(* Every deterministic max-finding algorithm with error $k$ requires $\Omega(n^{1+1/(2^k-1)})$ comparisons on $n$ elements (in the worst case).
   Context: Model of imprecise comparisons: there are $n$ elements, each with a fixed unknown real value; we identify an element with its value. Asked to compare $x_i$ and $x_j$, the comparator answers either "$x_i \ge x_j$" or "$x_j \ge x_i$". If $|x_i-x_j|>1$ the answer is correct; if $|x_i-x_j|\le 1$ the answer is arbitrary (possibly adversarial and adaptive). A max-finding algorithm has error $k$ if for every input and every consistent comparator behaviour its output $x$ satisfies $x \ge x^*-k$, where $x^*$ is the maximum value of an input element. *)

theory Defs
  imports Complex_Main
begin

text \<open>A deterministic (adaptive) comparison algorithm on elements indexed 0..n-1 is a
decision tree. Node Cmp i j T F asks the comparator about x_i and x_j; the answer
"x_i \<ge> x_j" leads to T, the answer "x_j \<ge> x_i" leads to F.\<close>

datatype alg = Leaf nat | Cmp nat nat alg alg

fun wf_alg :: "nat \<Rightarrow> alg \<Rightarrow> bool" where
  "wf_alg n (Leaf m) = (m < n)"
| "wf_alg n (Cmp i j t f) = (i < n \<and> j < n \<and> wf_alg n t \<and> wf_alg n f)"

_ _ _ _

**Your assignment**: In the material above, locate the line containing "theory Defs" and the line containing "leads to F.\<close>". Transcribe exactly those two lines and every line between them, and nothing more.

**Output of the task**:
theory Defs
  imports Complex_Main
begin

text \<open>A deterministic (adaptive) comparison algorithm on elements indexed 0..n-1 is a
decision tree. Node Cmp i j T F asks the comparator about x_i and x_j; the answer
"x_i \<ge> x_j" leads to T, the answer "x_j \<ge> x_i" leads to F.\<close>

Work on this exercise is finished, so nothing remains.